# System.out.println mit Farbe



## Agent159 (1. Aug 2006)

Hi, ich hab eine Frage:
ich möchte Text mit System.out.println ausgeben. Aber in einer Farbe.
Ich weiß, dass es mit System.err.println in rot geht, aber leider nicht unter windows.

Weiß einer wie das geht? kann sein, irgendwie mit setColor??


----------



## AlArenal (1. Aug 2006)

Nein. Das geht gar nicht. Auch nicht in rot.


----------



## Agent159 (1. Aug 2006)

Mh schade, naja, ok
Danke ^^


----------



## Lim_Dul (1. Aug 2006)

Das Rot kommt nur in der Eclipse Konsole und dort auch nur, weil das keine echte Dos-Konsole ist, sondern eine extra Konsole, die ausgaben auf dem Error-Stream anders behandelt.


----------



## Agent159 (1. Aug 2006)

ne, das hab ich nur von nem freund erfahren, bei dem ginge es unter linux.
aber in c gehts ja auch unter windows, aber egal


----------



## foobar (1. Aug 2006)

> ne, das hab ich nur von nem freund erfahren, bei dem ginge es unter linux.

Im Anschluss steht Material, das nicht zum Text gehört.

lemma differentiable_ntimes_add:
  "differentiable_ntimes n f \<Longrightarrow> differentiable_ntimes n g \<Longrightarrow> differentiable_ntimes n (\<lambda>t. f t + g t)"
proof (induction n arbitrary: f g)
  case (Suc n)
  then have "deriv (\<lambda>t. f t + g t) = (\<lambda>t. deriv f t + deriv g t)"
    by (intro ext DERIV_imp_deriv) (auto intro!: derivative_eq_intros)
  with Suc show ?case by (auto intro!: derivative_eq_intros)
qed simp

lemma differentiable_ntimes_mult:
  "differentiable_ntimes n f \<Longrightarrow> differentiable_ntimes n g \<Longrightarrow> differentiable_ntimes n (\<lambda>t. f t * g t)"
proof (induction n arbitrary: f g)
  case (Suc n)
  have product_rule: "deriv (\<lambda>t. f t * g t) = (\<lambda>t. deriv f t * g t + f t * deriv g t)"
    using Suc.prems by (intro ext DERIV_imp_deriv) (auto intro!: derivative_eq_intros)
  have "differentiable_ntimes n (deriv (\<lambda>t. f t * g t))"
    unfolding product_rule using Suc differentiable_ntimes_SucD
    by (auto intro!: differentiable_ntimes_add)
  with Suc.prems product_rule show ?case by (auto intro!: derivative_eq_intros)
qed simp

lemma differentiable_ntimes_deriv_chain:
  assumes "\<And>j t. (F j has_real_derivative F (Suc j) t) (at t)"
  shows "differentiable_ntimes n (F j)"
proof (induction n arbitrary: j)
  case (Suc n)
  have "deriv (F j) = F (Suc j)" using assms by (intro ext DERIV_imp_deriv)
  with Suc assms show ?case by auto
qed simp

lemma differentiable_ntimes_higher_deriv:
  "differentiable_ntimes (i + n) f \<Longrightarrow> differentiable_ntimes n ((deriv ^^ i) f)"
  by (induction i arbitrary: f) (auto simp del: funpow.simps simp: funpow_Suc_right)

lemma has_real_derivative_higher_deriv:
  assumes "\<And>n. differentiable_ntimes n f"
  shows "((deriv ^^ j) f has_real_derivative (deriv ^^ Suc j) f t) (at t)"
  using differentiable_ntimes_higher_deriv[of j 1 f] assms by simp

lemma has_vector_derivative_periodic:
  fixes g :: "real \<Rightarrow> 'a::real_normed_vector"
  assumes g': "\<And>t. (g has_vector_derivative g' t) (at t)" and periodic: "\<And>t. g (t + p) = g t"
  shows "g' (t + p) = g' t"
proof -
  have "((\<lambda>t. t + p) has_vector_derivative 1) (at t)"
    by (auto intro!: derivative_eq_intros)
  from vector_diff_chain_at[OF this g'[of "t + p"]]
  have "((\<lambda>t. g (t + p)) has_vector_derivative g' (t + p)) (at t)"
    by (simp add: o_def)
  then show ?thesis
    using periodic g' by (auto intro: vector_derivative_unique_at)
qed

lemma deriv_chain_periodic:
  fixes F :: "nat \<Rightarrow> real \<Rightarrow> 'a::real_normed_vector"
  assumes F': "\<And>j t. (F j has_vector_derivative F (Suc j) t) (at t)"
    and periodic: "\<And>t. F 0 (t + p) = F 0 t"
  shows "F j (t + p) = F j t"
proof (induction j arbitrary: t)
  case (Suc j)
  from F' show ?case by (rule has_vector_derivative_periodic) (rule Suc.IH)
qed (rule periodic)

definition smooth_periodic :: "(real \<Rightarrow> real) \<Rightarrow> bool" where
  "smooth_periodic k \<longleftrightarrow>
     (\<forall>j t. (ds j k has_real_derivative ds (Suc j) k t) (at t)) \<and> (\<forall>t. k (t + 1) = k t)"

lemma smooth_periodic_ds_periodic:
  assumes "smooth_periodic k"
  shows "ds j k (t + 1) = ds j k t"
proof (rule deriv_chain_periodic[where F = "\<lambda>j. ds j k"])
  show "(ds j k has_vector_derivative ds (Suc j) k t) (at t)" for j t
    using assms by (simp add: smooth_periodic_def flip: has_real_derivative_iff_has_vector_derivative)
  show "ds 0 k (t + 1) = ds 0 k t" for t
    using assms by (simp add: smooth_periodic_def ds_def)
qed

lemma curv_smooth_periodic:
  assumes D: "smooth_closed_unit_curve D"
  shows "smooth_periodic (curv D)"
proof -
  have D': "\<And>j t. (D j has_vector_derivative D (Suc j) t) (at t)"
    using D by (simp add: smooth_closed_unit_curve_def)
  have Re: "((\<lambda>t. Re (D j t)) has_real_derivative Re (D (Suc j) t)) (at t)"
    and Im: "((\<lambda>t. Im (D j t)) has_real_derivative Im (D (Suc j) t)) (at t)"
    and minus_Im: "((\<lambda>t. - Im (D j t)) has_real_derivative - Im (D (Suc j) t)) (at t)" for j t
    by (intro has_field_derivative_Re has_field_derivative_Im DERIV_minus D')+
  have "differentiable_ntimes n (\<lambda>t. Re (D j t))"
    and "differentiable_ntimes n (\<lambda>t. Im (D j t))"
    and "differentiable_ntimes n (\<lambda>t. - Im (D j t))" for n j
    by (rule differentiable_ntimes_deriv_chain[where F = "\<lambda>j t. Re (D j t)", OF Re]
        differentiable_ntimes_deriv_chain[where F = "\<lambda>j t. Im (D j t)", OF Im]
        differentiable_ntimes_deriv_chain[where F = "\<lambda>j t. - Im (D j t)", OF minus_Im])+
  then have "differentiable_ntimes n (\<lambda>t. Re (D 1 t) * Im (D 2 t) + - Im (D 1 t) * Re (D 2 t))" for n
    by (intro differentiable_ntimes_add differentiable_ntimes_mult)
  moreover have "curv D = (\<lambda>t. Re (D 1 t) * Im (D 2 t) + - Im (D 1 t) * Re (D 2 t))"
    by (auto simp: curv_def)
  ultimately have "differentiable_ntimes n (curv D)" for n
    by simp
  moreover have "curv D (t + 1) = curv D t" for t
    using deriv_chain_periodic[where F = D, OF D'] D by (simp add: curv_def smooth_closed_unit_curve_def)
  ultimately show ?thesis
    unfolding smooth_periodic_def ds_def using has_real_derivative_higher_deriv by blast
qed

section \<open>Mean-zero functions on the unit interval\<close>

definition L2sq :: "(real \<Rightarrow> real) \<Rightarrow> real" where
  "L2sq f = integral {0..1} (\<lambda>s. (f s)\<^sup>2)"

lemma L2sq_nonneg: "continuous_on {0..1} f \<Longrightarrow> 0 \<le> L2sq f"
  unfolding L2sq_def by (auto intro!: integral_nonneg integrable_continuous_interval continuous_intros)

lemma Em_eq_L2sq: "Em m k = L2sq (ds m k) / 2"
  by (simp add: Em_def L2sq_def)

lemma has_integral_0_imp_zero:
  fixes g :: "real \<Rightarrow> real"
  assumes g: "continuous_on {a..b} g" and int: "(g has_integral 0) {a..b}" and "a < b"
  obtains t where "t \<in> {a..b}" "g t = 0"
proof -
  consider "\<forall>t\<in>{a..b}. 0 \<le> g t" | "\<forall>t\<in>{a..b}. g t \<le> 0"
    | x y where "x \<in> {a..b}" "y \<in> {a..b}" "g x \<le> 0" "0 \<le> g y"
    by (meson linear)
  then show thesis
  proof cases
    case 1
    then have "g a = 0"
      using has_integral_0_cbox_imp_0[of a b g a] g int \<open>a < b\<close> by auto
    with that[of a] \<open>a < b\<close> show thesis by simp
  next
    case 2
    then have "- g a = 0"
      using has_integral_0_cbox_imp_0[of a b "\<lambda>t. - g t" a] g int \<open>a < b\<close> has_integral_neg[OF int]
      by (auto intro: continuous_intros)
    with that[of a] \<open>a < b\<close> show thesis by simp
  next
    case 3
    have "connected (g ` {a..b})"
      by (rule connected_continuous_image[OF g]) simp
    then have "0 \<in> g ` {a..b}"
      by (rule connectedD_interval) (use 3 in auto)
    with that show thesis by auto
  qed
qed

lemma abs_diff_le_integral_abs_deriv:
  fixes h h' :: "real \<Rightarrow> real"
  assumes h': "\<And>t. (h has_real_derivative h' t) (at t)" and cont: "continuous_on UNIV h'"
    and "c \<le> a" "a \<le> b" "b \<le> d"
  shows "\<bar>h b - h a\<bar> \<le> integral {c..d} (\<lambda>s. \<bar>h' s\<bar>)"
proof -
  have cont_on: "continuous_on S h'" for S
    using cont by (rule continuous_on_subset) simp
  have "(h' has_integral (h b - h a)) {a..b}"
    using assms h' by (intro fundamental_theorem_of_calculus)
      (auto simp flip: has_real_derivative_iff_has_vector_derivative intro: has_field_derivative_at_within)
  then have "h b - h a = integral {a..b} h'"
    by (rule integral_unique[symmetric])
  also have "\<bar>\<dots>\<bar> \<le> integral {a..b} (\<lambda>s. \<bar>h' s\<bar>)"
    by (rule integral_norm_bound_integral[where 'a = real, unfolded real_norm_def])
      (auto intro!: integrable_continuous_interval continuous_intros cont_on)
  also have "\<dots> \<le> integral {c..d} (\<lambda>s. \<bar>h' s\<bar>)"
    using assms by (intro integral_subset_le) (auto intro!: integrable_continuous_interval continuous_intros cont_on)
  finally show ?thesis .
qed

Unter Linux unterstützen die meisten Terminalemulatoren dircolors, aber das gibt es nicht als plattformunabhängiges Feature in Java. Das Ding da unter Windows kann man auch nicht als Konsole bezeichnen, das ist eine Zumutung.


----------



## Mario_H (2. Aug 2006)

Für manche Konsolen gibt es so Steuerzeichen, aber das ist total abhängig welche Konsole man verwendet.


----------